The Mars Volta do not write albums for the timid. Those who seek feel good, pop songs about love and happiness that can easily fit into a radio station’s play list are advised to look elsewhere. Yet, for those bold enough to listen, the Mars Volta provide a thrilling, complex and, above all else, loud redefinition of what rock music can be on the album Frances the Mute.

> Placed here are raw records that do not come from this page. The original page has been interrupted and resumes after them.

(* Let $T=(T_1,\dots,T_m)$ be a commuting $m$-tuple of bounded operators on a Hilbert space $\mathcal H$. Then the joint approximate point spectrum $\sigma_{ap}(T)$ is disjoint from the open ball $\mathbb B_{m_\infty(T)}=\{\lambda\in\mathbb C^m:\|\lambda\|_2<m_\infty(T)\}$, where $$m_\infty(T)=\sup_{k\ge1}\ \inf_{h\in\mathcal H,\ \|h\|=1}\big\|Q_T^k(I)h\big\|^{1/(2k)},\qquad Q_T^k(I)=\sum_{|\alpha|=k}\frac{k!}{\alpha!}\,T^{*\alpha}T^\alpha.$$
   Context: For $\alpha\in\mathbb N^m$, $|\alpha|=\sum\alpha_i$, $\alpha!=\prod\alpha_i!$, $T^\alpha=T_1^{\alpha_1}\cdots T_m^{\alpha_m}$ and $T^{*\alpha}=(T^\alpha)^*$. The joint approximate point spectrum $\sigma_{ap}(T)$ is the set of $\lambda\in\mathbb C^m$ for which there are unit vectors $h_n$ with $\sum_j\|(T_j-\lambda_j)h_n\|\to0$. *)

theory Defs
  imports "HOL-Analysis.Analysis"
begin

class chilbert = real_normed_vector + complete_space +
  fixes scaleC :: "complex \<Rightarrow> 'a \<Rightarrow> 'a" (infixr "*\<^sub>C" 75)
    and cinner :: "'a \<Rightarrow> 'a \<Rightarrow> complex"
  assumes scaleC_add_right: "a *\<^sub>C (x + y) = a *\<^sub>C x + a *\<^sub>C y"
    and scaleC_add_left: "(a + b) *\<^sub>C x = a *\<^sub>C x + b *\<^sub>C x"
    and scaleC_scaleC: "a *\<^sub>C (b *\<^sub>C x) = (a * b) *\<^sub>C x"
    and scaleC_one: "1 *\<^sub>C x = x"
    and scaleR_scaleC: "scaleR r x = complex_of_real r *\<^sub>C x"
    and cinner_conj: "cinner x y = cnj (cinner y x)"
    and cinner_add_right: "cinner x (y + z) = cinner x y + cinner x z"
    and cinner_scaleC_right: "cinner x (a *\<^sub>C y) = a * cinner x y"
    and cinner_self_norm: "cinner x x = complex_of_real ((norm x)\<^sup>2)"

instantiation complex :: chilbert
begin
definition scaleC_complex :: "complex \<Rightarrow> complex \<Rightarrow> complex" where
  "scaleC_complex a x = a * x"
definition cinner_complex :: "complex \<Rightarrow> complex \<Rightarrow> complex" where
  "cinner_complex x y = cnj x * y"
instance
proof
  fix a b :: complex and x y z :: complex and r :: real
  show "a *\<^sub>C (x + y) = a *\<^sub>C x + a *\<^sub>C y"
    by (simp add: scaleC_complex_def distrib_left)
  show "(a + b) *\<^sub>C x = a *\<^sub>C x + b *\<^sub>C x"
    by (simp add: scaleC_complex_def distrib_right)
  show "a *\<^sub>C (b *\<^sub>C x) = (a * b) *\<^sub>C x"
    by (simp add: scaleC_complex_def mult.assoc)
  show "1 *\<^sub>C x = x" by (simp add: scaleC_complex_def)
  show "scaleR r x = complex_of_real r *\<^sub>C x"
    by (simp add: scaleC_complex_def scaleR_conv_of_real)
  show "cinner x y = cnj (cinner y x)" by (simp add: cinner_complex_def mult.commute)
  show "cinner x (y + z) = cinner x y + cinner x z"
    by (simp add: cinner_complex_def distrib_left)
  show "cinner x (a *\<^sub>C y) = a * cinner x y"
    by (simp add: cinner_complex_def scaleC_complex_def mult.left_commute)
  show "cinner x x = complex_of_real ((norm x)\<^sup>2)"
    unfolding cinner_complex_def complex_norm_square by (rule mult.commute)
qed
end

definition bounded_clinear :: "('a::chilbert \<Rightarrow> 'a) \<Rightarrow> bool" where
  "bounded_clinear A \<longleftrightarrow> bounded_linear A \<and> (\<forall>c x. A (c *\<^sub>C x) = c *\<^sub>C A x)"

definition cadjoint :: "('a::chilbert \<Rightarrow> 'a) \<Rightarrow> ('a \<Rightarrow> 'a)" where
  "cadjoint A = (THE B. \<forall>x y. cinner (B x) y = cinner x (A y))"

definition multi_indices :: "nat \<Rightarrow> nat \<Rightarrow> (nat \<Rightarrow> nat) set" where
  "multi_indices m k = {\<alpha>. (\<forall>i\<ge>m. \<alpha> i = 0) \<and> (\<Sum>i<m. \<alpha> i) = k}"

definition Tpow :: "nat \<Rightarrow> (nat \<Rightarrow> 'a \<Rightarrow> 'a) \<Rightarrow> (nat \<Rightarrow> nat) \<Rightarrow> 'a \<Rightarrow> 'a" where
  "Tpow m T \<alpha> = foldr (\<lambda>i f. (T i ^^ \<alpha> i) \<circ> f) [0..<m] id"

definition QTk :: "nat \<Rightarrow> (nat \<Rightarrow> 'a::chilbert \<Rightarrow> 'a) \<Rightarrow> nat \<Rightarrow> 'a \<Rightarrow> 'a" where
  "QTk m T k h = (\<Sum>\<alpha>\<in>multi_indices m k.
      (fact k / (\<Prod>i<m. fact (\<alpha> i)) :: real) *\<^sub>R cadjoint (Tpow m T \<alpha>) (Tpow m T \<alpha> h))"

definition m_infty :: "nat \<Rightarrow> (nat \<Rightarrow> 'a::chilbert \<Rightarrow> 'a) \<Rightarrow> real" where
  "m_infty m T = (SUP k\<in>{1..}. INF h\<in>{h. norm h = 1}.
      norm (QTk m T k h) powr (1 / (2 * real k)))"

definition cvec :: "nat \<Rightarrow> (nat \<Rightarrow> complex) set" where
  "cvec m = {z. \<forall>i\<ge>m. z i = 0}"

definition l2norm :: "nat \<Rightarrow> (nat \<Rightarrow> complex) \<Rightarrow> real" where
  "l2norm m z = sqrt (\<Sum>i<m. (cmod (z i))\<^sup>2)"

definition joint_ap_spectrum :: "nat \<Rightarrow> (nat \<Rightarrow> 'a::chilbert \<Rightarrow> 'a) \<Rightarrow> (nat \<Rightarrow> complex) set" where
  "joint_ap_spectrum m T = {z\<in>cvec m. \<exists>h :: nat \<Rightarrow> 'a. (\<forall>n. norm (h n) = 1) \<and>
      (\<lambda>n. \<Sum>j<m. norm (T j (h n) - z j *\<^sub>C h n)) \<longlonglongrightarrow> 0}"

end

theory Submission
  imports Defs
begin

text \<open>If \<open>z \<in> \<sigma>\<^sub>a\<^sub>p(T)\<close> with unit approximate eigenvectors \<open>h\<^sub>n\<close>, then
  \<open>T\<^sup>\<alpha> h\<^sub>n - z\<^sup>\<alpha> h\<^sub>n \<rightarrow> 0\<close> for every multi-index \<open>\<alpha>\<close>. Hence for the positive operator
  \<open>Q = Q\<^sub>T\<^sup>k(I)\<close> the quadratic form \<open>\<langle>h\<^sub>n, Q h\<^sub>n\<rangle> = \<Sum>\<^sub>\<alpha> (k!/\<alpha>!) \<parallel>T\<^sup>\<alpha> h\<^sub>n\<parallel>\<^sup>2\<close> tends to
  \<open>\<Sum>\<^sub>\<alpha> (k!/\<alpha>!) \<bar>z\<^sup>\<alpha>\<bar>\<^sup>2 = \<parallel>z\<parallel>\<^sup>2\<^sup>k\<close> by the multinomial theorem, so the bottom \<open>c\<close> of the
  numerical range of \<open>Q\<close> is at most \<open>\<parallel>z\<parallel>\<^sup>2\<^sup>k\<close>. For a positive operator \<open>c\<close> is an approximate
  eigenvalue, so \<open>\<parallel>Q h\<parallel>\<close> gets arbitrarily close to \<open>c\<close> on the unit sphere; taking \<open>2k\<close>-th roots
  and the supremum over \<open>k\<close> gives \<open>m\<^sub>\<infinity>(T) \<le> \<parallel>z\<parallel>\<close>.

  Since \<open>cadjoint\<close> is a definite description, its defining property rests on the Riesz
  representation theorem, proved here from the point of minimal norm on the hyperplane
  \<open>\<phi> = 1\<close>.\<close>

lemma cinner_add_left: "cinner (x + y) z = cinner x z + cinner y (z::'a::chilbert)"
  by (metis cinner_add_right cinner_conj complex_cnj_add)

lemma cinner_scaleC_left: "cinner (a *\<^sub>C x) (y::'a::chilbert) = cnj a * cinner x y"
  by (metis cinner_conj cinner_scaleC_right complex_cnj_mult)

lemma cinner_scaleR_right: "cinner x (r *\<^sub>R (y::'a::chilbert)) = of_real r * cinner x y"
  by (simp add: scaleR_scaleC cinner_scaleC_right)

lemma cinner_scaleR_left: "cinner (r *\<^sub>R x) (y::'a::chilbert) = of_real r * cinner x y"
  by (simp add: scaleR_scaleC cinner_scaleC_left)

lemma cinner_minus_right: "cinner x (- y) = - cinner x (y::'a::chilbert)"
  using cinner_scaleR_right[of x "-1" y] by simp

lemma cinner_minus_left: "cinner (- x) y = - cinner x (y::'a::chilbert)"
  using cinner_scaleR_left[of "-1" x y] by simp

lemma cinner_diff_right: "cinner x (y - z) = cinner x y - cinner x (z::'a::chilbert)"
  by (simp only: diff_conv_add_uminus cinner_add_right cinner_minus_right)

lemma cinner_diff_left: "cinner (x - y) z = cinner x z - cinner y (z::'a::chilbert)"
  by (simp only: diff_conv_add_uminus cinner_add_left cinner_minus_left)

lemma cinner_zero_right [simp]: "cinner x (0::'a::chilbert) = 0"
  using cinner_scaleR_right[of x 0 0] by simp

lemma cinner_zero_left [simp]: "cinner (0::'a::chilbert) y = 0"
  using cinner_scaleR_left[of 0 0 y] by simp

lemma cinner_sum_right: "cinner x (sum f A) = (\<Sum>a\<in>A. cinner x (f a::'a::chilbert))"
  by (induct A rule: infinite_finite_induct) (auto simp: cinner_add_right)

lemma cinner_sum_left: "cinner (sum f A) y = (\<Sum>a\<in>A. cinner (f a::'a::chilbert) y)"
  by (induct A rule: infinite_finite_induct) (auto simp: cinner_add_left)

lemma Re_cinner_self: "Re (cinner x x) = (norm (x::'a::chilbert))\<^sup>2"
  by (simp add: cinner_self_norm)

lemma cinner_eq_zero_imp_eq_zero: "(\<And>y. cinner x y = 0) \<Longrightarrow> (x::'a::chilbert) = 0"
  by (metis cinner_self_norm norm_eq_zero of_real_eq_0_iff zero_eq_power2)

lemma scaleC_minus_right: "a *\<^sub>C (- x) = - (a *\<^sub>C (x::'a::chilbert))"
  by (metis scaleC_scaleC mult.commute scaleR_scaleC scaleR_minus1_left)

lemma scaleC_diff_right: "a *\<^sub>C (x - y) = a *\<^sub>C x - a *\<^sub>C (y::'a::chilbert)"
  by (simp only: diff_conv_add_uminus scaleC_add_right scaleC_minus_right)

lemma norm_scaleC: "norm (a *\<^sub>C x) = cmod a * norm (x::'a::chilbert)"
proof -
  have "complex_of_real ((norm (a *\<^sub>C x))\<^sup>2) = complex_of_real ((cmod a * norm x)\<^sup>2)"
    unfolding cinner_self_norm[symmetric] cinner_scaleC_left cinner_scaleC_right
    by (simp add: cinner_self_norm power_mult_distrib complex_norm_square[symmetric] mult_ac)
  hence "(norm (a *\<^sub>C x))\<^sup>2 = (cmod a * norm x)\<^sup>2" using of_real_eq_iff by blast
  thus ?thesis by (simp add: power2_eq_iff_nonneg)
qed

lemma norm_add_sq: "(norm (x + y))\<^sup>2 = (norm x)\<^sup>2 + (norm y)\<^sup>2 + 2 * Re (cinner x (y::'a::chilbert))"
proof -
  have "(norm (x + y))\<^sup>2 = Re (cinner x x) + Re (cinner y y) + Re (cinner x y) + Re (cinner y x)"
    by (simp add: Re_cinner_self[symmetric] cinner_add_left cinner_add_right)
  also have "Re (cinner y x) = Re (cinner x y)" by (subst cinner_conj) simp
  finally show ?thesis by (simp add: Re_cinner_self)
qed

lemma norm_diff_sq: "(norm (x - y))\<^sup>2 = (norm x)\<^sup>2 + (norm y)\<^sup>2 - 2 * Re (cinner x (y::'a::chilbert))"
  using norm_add_sq[of x "-y"] by (simp add: cinner_minus_right)

lemma parallelogram_law:
  "(norm (x + y))\<^sup>2 + (norm (x - y))\<^sup>2 = 2 * (norm x)\<^sup>2 + 2 * (norm (y::'a::chilbert))\<^sup>2"
  by (simp add: norm_add_sq norm_diff_sq)

lemma Re_cinner_le: "Re (cinner x y) \<le> norm x * norm (y::'a::chilbert)"
proof -
  define a b where "a = norm x" and "b = norm y"
  have "0 \<le> (norm (b *\<^sub>R x - a *\<^sub>R y))\<^sup>2" by simp
  also have "\<dots> = 2 * (a * b)\<^sup>2 - 2 * (a * b) * Re (cinner x y)"
    unfolding norm_diff_sq
    by (simp add: cinner_scaleR_left cinner_scaleR_right a_def b_def power2_eq_square)
  finally have "(a * b) * Re (cinner x y) \<le> (a * b) * (a * b)" by (simp add: power2_eq_square)
  moreover have "a * b = 0 \<Longrightarrow> x = 0 \<or> y = 0" by (auto simp: a_def b_def)
  ultimately show ?thesis
    by (cases "a * b = 0") (auto simp: a_def b_def mult_le_cancel_left_pos)
qed

lemma norm_cinner_le: "cmod (cinner x y) \<le> norm x * norm (y::'a::chilbert)"
proof (cases "cinner x y = 0")
  case False
  define c where "c = cnj (cinner x y) / cmod (cinner x y)"
  have "cmod (cinner x y) = Re (cinner x (c *\<^sub>C y))"
    using False by (simp add: c_def cinner_scaleC_right complex_norm_square[symmetric]
        power2_eq_square mult.commute[of "cnj _"])
  also have "\<dots> \<le> norm x * norm (c *\<^sub>C y)" by (rule Re_cinner_le)
  also have "\<dots> = norm x * norm y" using False by (simp add: norm_scaleC c_def norm_divide)
  finally show ?thesis .
qed simp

Omar Rodriguez-Lopez, known to fans as “that guy with the afro,” and Cedric Bixler are the rock scientists behind this bold new creation known as Frances the Mute. The two are no strangers to progressive rock opera albums. Their last album, De-Loused in the Comatorium, dealt with their friend’s suicide, while Frances the Mute deals with another tragedy, the death of their drummer Jeremy Ward in 2003. Thus, the album is a mix of several different musical genres and emotions. The typical music store employee could have a fit at trying to adequately place the album in the proper genre section. Likewise, you’ll have to keep an eye on your track listing to determine when one song has ended and a new song has begun.

The end result, however, is infinitely rewarding. Lopez and Bixler treat us to a simultaneously harrowing and soothing experience. The first track, “Cyngus…Vismund Cyngus,” starts off with a murmur, builds into a crescendo and then knocks the listener flat on his or her ass wondering what the hell just happened. Before you know it, Lopez is screaming in Spanish and Bixler is shredding the guitar like an ’80s glam metal hero. Other tracks like “L’ Via l’Viaquez” present us with a salsa vibe accompanied by trumpets and guitars from Flea and John Frusciante of Red Hot Chili Peppers fame.

Where will the Mars Volta take us next? Metal guitar variations of polka tunes, perhaps? We can only hope.